Sharon’s favorite — eggplant Parmesan — is not one of mine, so I’ll leave the superlatives to her on that one.
Me, I’m a soup guy. Having cooked in a couple of restaurants that specialized in the soup-and-sandwich trade, I appreciate the effort that goes into a good pot.
The first, obvious, hallmark of a good soup is the amount of stuff in it … there are few things more deflating than dipping your spoon into a bowl of soup for a first taste and have it come out with only broth.
Not that there’s anything wrong with broth, mind you. You can’t make a good soup without a good stock and there are no shortcuts to a good stock: it takes a big, heavy pot, hours of slow heat and high-quality ingredients. Veggies take sautéing to bring out their latent sugars; fat from meat needs to be browned off; the seasonings you add first thing in the morning to start building the flavors are as important as the last pinch of salt.
It has more of the alchemist than the recipe writer about it.
One chef I used to work with had a flair with vegetarian soups we all envied. His secret turned out to be the herb tea he sipped each morning. He would grind the contents of a tea bag — Lemon Lift or some such fruity concoction, not black tea — between palm and thumb, then add it to the first batch of hot oil with aromatic veggies like onions and garlic. It added a depth and complexity, and the crushed tea leaves would disappear into the 3-gallon pot as just another ingredient.
Started in the early hours, long before the customers arrive, soup making is hot and potentially painful work: 5 gallons of cream stock at full boil is nothing to play around.
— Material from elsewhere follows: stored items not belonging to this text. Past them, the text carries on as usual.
lemma sum_psi_three_central:
  assumes "\<forall>c\<in>set cs. heis_central c"
  shows "sum_psi (mset (p # q # r # cs)) = heis_psi p + heis_psi q + heis_psi r + (\<Sum>c\<leftarrow>cs. hc c)"
proof -
  have "(\<Sum>c\<leftarrow>cs. heis_psi c) = (\<Sum>c\<leftarrow>cs. hc c)"
    using assms by (induct cs) (auto simp: heis_psi_def heis_central_def)
  then show ?thesis by (simp add: sum_mset_mset add.assoc)
qed

text \<open>The left-hand side plus the \<open>\<psi>\<close>-sum is three times a polynomial in the coordinates.\<close>
lemma hc_heis_prod_two_orders:
  assumes "ha p + ha q + ha r = 0" "hb p + hb q + hb r = 0" "\<forall>c\<in>set cs. heis_central c"
  shows "hc (heis_prod (p # q # r # cs)) + hc (heis_prod (q # p # r # cs)) =
    - sum_psi (mset (p # q # r # cs))"
proof -
  have ar: "ha r = - ha p - ha q" and br: "hb r = - hb p - hb q"
    using assms(1,2) by (simp_all add: algebra_simps eq_neg_iff_add_eq_0)
  have "hc (heis_prod (p # q # r # cs)) + hc (heis_prod (q # p # r # cs)) +
      sum_psi (mset (p # q # r # cs)) =
      3 * (hc p + hc q + hc r + (\<Sum>c\<leftarrow>cs. hc c) + ha p * hb p + ha q * hb q + ha p * hb q + ha q * hb p)"
    unfolding hc_heis_prod_three_central[OF assms(3)] sum_psi_three_central[OF assms(3)]
    unfolding heis_psi_def ar br by (simp add: algebra_simps)
  then have "hc (heis_prod (p # q # r # cs)) + hc (heis_prod (q # p # r # cs)) +
      sum_psi (mset (p # q # r # cs)) = 0" by (simp only: F3_three_eq_0 mult_zero_left)
  then show ?thesis by (rule eq_neg_iff_add_eq_0[THEN iffD2])
qed

lemma F3_zero_of_diff_sum:
  fixes t1 t2 e s :: 3
  assumes "t1 = t2 + e" "e \<noteq> 0" "t1 + t2 = - s" "s \<noteq> 0"
  shows "t1 = 0 \<or> t2 = 0"
  using assms F3_cases[of t2] F3_cases[of e] F3_cases[of s] by (elim disjE) simp_all

lemma product_one_heis_triangle:
  assumes "ha p + ha q + ha r = 0" "hb p + hb q + hb r = 0" "heis_form p q \<noteq> 0"
    and "\<forall>c\<in>#C. heis_central c" and "sum_psi ({#p, q, r#} + C) \<noteq> 0"
  shows "product_one heis ({#p, q, r#} + C)"
proof -
  obtain cs where cs: "mset cs = C" using ex_mset by blast
  have cen: "\<forall>c\<in>set cs. heis_central c" using assms(4) cs by auto
  define xs1 where "xs1 = p # q # r # cs"
  define xs2 where "xs2 = q # p # r # cs"
  have S: "mset xs1 = {#p, q, r#} + C" "mset xs2 = {#p, q, r#} + C"
    using cs unfolding xs1_def xs2_def by (simp_all add: add_mset_commute)
  have "hc (heis_prod xs1) = hc (heis_prod xs2) + heis_form p q"
    unfolding xs1_def xs2_def using hc_heis_prod_swap[of "[]" p q "r # cs"] by simp
  moreover have "hc (heis_prod xs1) + hc (heis_prod xs2) = - sum_psi ({#p, q, r#} + C)"
    unfolding S(1)[symmetric] unfolding xs1_def xs2_def
    by (rule hc_heis_prod_two_orders[OF assms(1,2) cen])
  ultimately have "hc (heis_prod xs1) = 0 \<or> hc (heis_prod xs2) = 0"
    using F3_zero_of_diff_sum assms(3,5) by blast
  then obtain xs where xs: "xs \<in> {xs1, xs2}" "hc (heis_prod xs) = 0" by blast
  have "sum_a ({#p, q, r#} + C) = 0" "sum_b ({#p, q, r#} + C) = 0"
    using assms(1,2) sum_a_central[OF assms(4)] sum_b_central[OF assms(4)] by (simp_all add: add.assoc)
  with xs S have "mset xs = {#p, q, r#} + C" "heis_prod xs = (0, 0, 0)"
    by (auto simp only: heis_prod_eq_one_iff insert_iff empty_iff)
  then show ?thesis unfolding product_one_heis_iff by auto
qed

lemma doubleton_subseteq: "s \<in># R \<Longrightarrow> t \<in># R \<Longrightarrow> s \<noteq> t \<Longrightarrow> {#s, t#} \<subseteq># R"
  by (simp add: insert_subset_eq_iff in_diff_count)

lemma doubleton_subseteq_of_size:
  assumes "2 \<le> size M" shows "\<exists>s t. {#s, t#} \<subseteq># M"
proof -
  obtain s where s: "s \<in># M" using assms by (metis multiset_nonemptyE not_numeral_le_zero size_empty)
  then have "1 \<le> size (M - {#s#})" using assms by (simp add: size_Diff_submset)
  then obtain t where "t \<in># M - {#s#}" by (metis multiset_nonemptyE not_one_le_zero size_empty)
  with s show ?thesis by (auto simp: insert_subset_eq_iff)
qed

lemma pairwise_commuting_rest:
  assumes "\<not> two_noncommuting_pairs ({#x, y#} + R)" "heis_form x y \<noteq> 0"
  shows "pairwise_commuting R"
  unfolding pairwise_commuting_def
proof (intro ballI)
  fix s t assume st: "s \<in># R" "t \<in># R"
  show "heis_form s t = 0"
  proof (rule ccontr)
    assume st_form: "heis_form s t \<noteq> 0"
    then have "s \<noteq> t" by auto
    with st have "{#x, y#} + {#s, t#} \<subseteq># {#x, y#} + R"
      by (intro subset_mset.add_left_mono doubleton_subseteq)
    then have "{#x, y, s, t#} \<subseteq># {#x, y#} + R" by simp
    with assms st_form show False unfolding two_noncommuting_pairs_def by blast
  qed
qed

text \<open>If \<open>x\<close> commuted with a noncentral \<open>r\<close>, it would commute with all of \<open>R\<close>; as the sums
  vanish, bilinearity would then force \<open>heis_form y x = 0\<close>.\<close>
lemma heis_form_ne_0_rest:
  assumes "sum_a ({#x, y#} + R) = 0" "sum_b ({#x, y#} + R) = 0" "pairwise_commuting R"
    and "heis_form x y \<noteq> 0" "r \<in># R" "\<not> heis_central r"
  shows "heis_form x r \<noteq> 0"
proof
  assume xr: "heis_form x r = 0"
  have "heis_form s x = 0" if "s \<in># R" for s
  proof -
    have "heis_form s r = 0" using assms(3,5) that unfolding pairwise_commuting_def by blast
    then have "heis_form x s = 0" using heis_form_eq_0_trans[OF assms(6) xr] by blast
    then show ?thesis using heis_form_antisym[of s x] by simp
  qed
  then have "(\<Sum>s\<in>#R. heis_form s x) = 0" by (simp add: sum_mset.neutral)
  moreover have "(\<Sum>s\<in>#{#x, y#} + R. heis_form s x) = 0"
    using assms(1,2) by (simp only: sum_heis_form) simp
  ultimately have "heis_form y x = 0" by simp
  with assms(4) heis_form_antisym[of x y] show False by simp
qed

lemma heis_form_ne_0_rest_both:
  assumes "sum_a ({#x, y#} + R) = 0" "sum_b ({#x, y#} + R) = 0"
    and "\<not> two_noncommuting_pairs ({#x, y#} + R)" "heis_form x y \<noteq> 0"
    and "r \<in># R" "\<not> heis_central r"
  shows "heis_form x r \<noteq> 0 \<and> heis_form y r \<noteq> 0"
proof -
  have comm: "pairwise_commuting R" using pairwise_commuting_rest assms(3,4) by simp
  have "heis_form y x \<noteq> 0" using assms(4) heis_form_antisym[of y x] by simp
  moreover have "sum_a ({#y, x#} + R) = 0" "sum_b ({#y, x#} + R) = 0"
    using assms(1,2) by (simp_all add: add_mset_commute)
  ultimately show ?thesis
    using heis_form_ne_0_rest[OF assms(1,2) comm assms(4-6)] heis_form_ne_0_rest[OF _ _ comm _ assms(5,6)]
    by blast
qed

lemma noncommuting_pair_decomp:
  assumes "sum_a S = 0" "sum_b S = 0" "\<not> two_noncommuting_pairs S"
    and "{#x, y#} \<subseteq># S" "heis_form x y \<noteq> 0"
  shows "\<exists>r C. S = {#x, y, r#} + C \<and> (\<forall>c\<in>#C. heis_central c) \<and>
    heis_form x r \<noteq> 0 \<and> heis_form y r \<noteq> 0"
proof -
  define R where "R = S - {#x, y#}"
  have S: "S = {#x, y#} + R" unfolding R_def using subset_mset.add_diff_inverse[OF assms(4)] by simp
  have xyr: "heis_form x r \<noteq> 0 \<and> heis_form y r \<noteq> 0" if "r \<in># R" "\<not> heis_central r" for r
    using heis_form_ne_0_rest_both[OF _ _ _ assms(5) that] assms(1-3) S by simp
  define Rn where "Rn = filter_mset (\<lambda>s. \<not> heis_central s) R"
  define C where "C = filter_mset heis_central R"
  have R: "R = Rn + C"
    unfolding Rn_def C_def using multiset_partition[of R heis_central] by (simp add: add.commute)
  have C: "\<forall>c\<in>#C. heis_central c" unfolding C_def by simp
  have "size Rn = 1"
  proof (rule ccontr)
    assume "size Rn \<noteq> 1"
    then consider "Rn = {#}" | r1 r2 where "{#r1, r2#} \<subseteq># Rn"
      using doubleton_subseteq_of_size[of Rn] by (cases "size Rn") auto
    then show False
    proof cases
      case 1
      then have "ha y = - ha x" "hb y = - hb x"
        using assms(1,2) sum_a_central[OF C] sum_b_central[OF C] S R
        by (simp_all add: eq_neg_iff_add_eq_0 add.commute)
      then show False using assms(5) by (simp add: heis_form_def algebra_simps)
    next
      case 2
      then have r: "r1 \<in># R" "\<not> heis_central r1" "r2 \<in># R" "\<not> heis_central r2"
        unfolding Rn_def by (auto dest: mset_subset_eqD)
      have "Rn \<subseteq># R" unfolding R by simp
      with 2 have "{#r1, r2#} \<subseteq># R" by (rule subset_mset.order_trans)
      then have "{#x, y#} + {#r1, r2#} \<subseteq># {#x, y#} + R" by (rule subset_mset.add_left_mono)
      then have "{#x, r1, y, r2#} \<subseteq># S" using S by (simp add: add_mset_commute)
      with xyr[OF r(1,2)] xyr[OF r(3,4)] assms(3) show False
        unfolding two_noncommuting_pairs_def by blast
    qed
  qed
  then obtain r where r: "Rn = {#r#}" using size_1_singleton_mset by blast
  then have "r \<in># Rn" by simp
  then have "r \<in># R" "\<not> heis_central r" unfolding Rn_def by simp_all
  moreover have "S = {#x, y, r#} + C" using S R r by simp
  ultimately show ?thesis using C xyr by blast
qed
Done right, and customers won’t notice if they get a spoonful of nothing but broth; done wrong, and nothing will completely disguise a thin stock.
That’s the joy of Costantino’s downtown Center Street location. It is literally a hole in the wall, maybe 6 feet across, stuffed with a small display case for salads and sandwiches and half a dozen pots of soup. There’s a cooler for soft drinks and just enough room for a customer with a cup of soup in a brown bag to squeeze past the ones serving themselves from the row of steam kettles along one wall. The adjacent walkway to Center Street Alley is wider.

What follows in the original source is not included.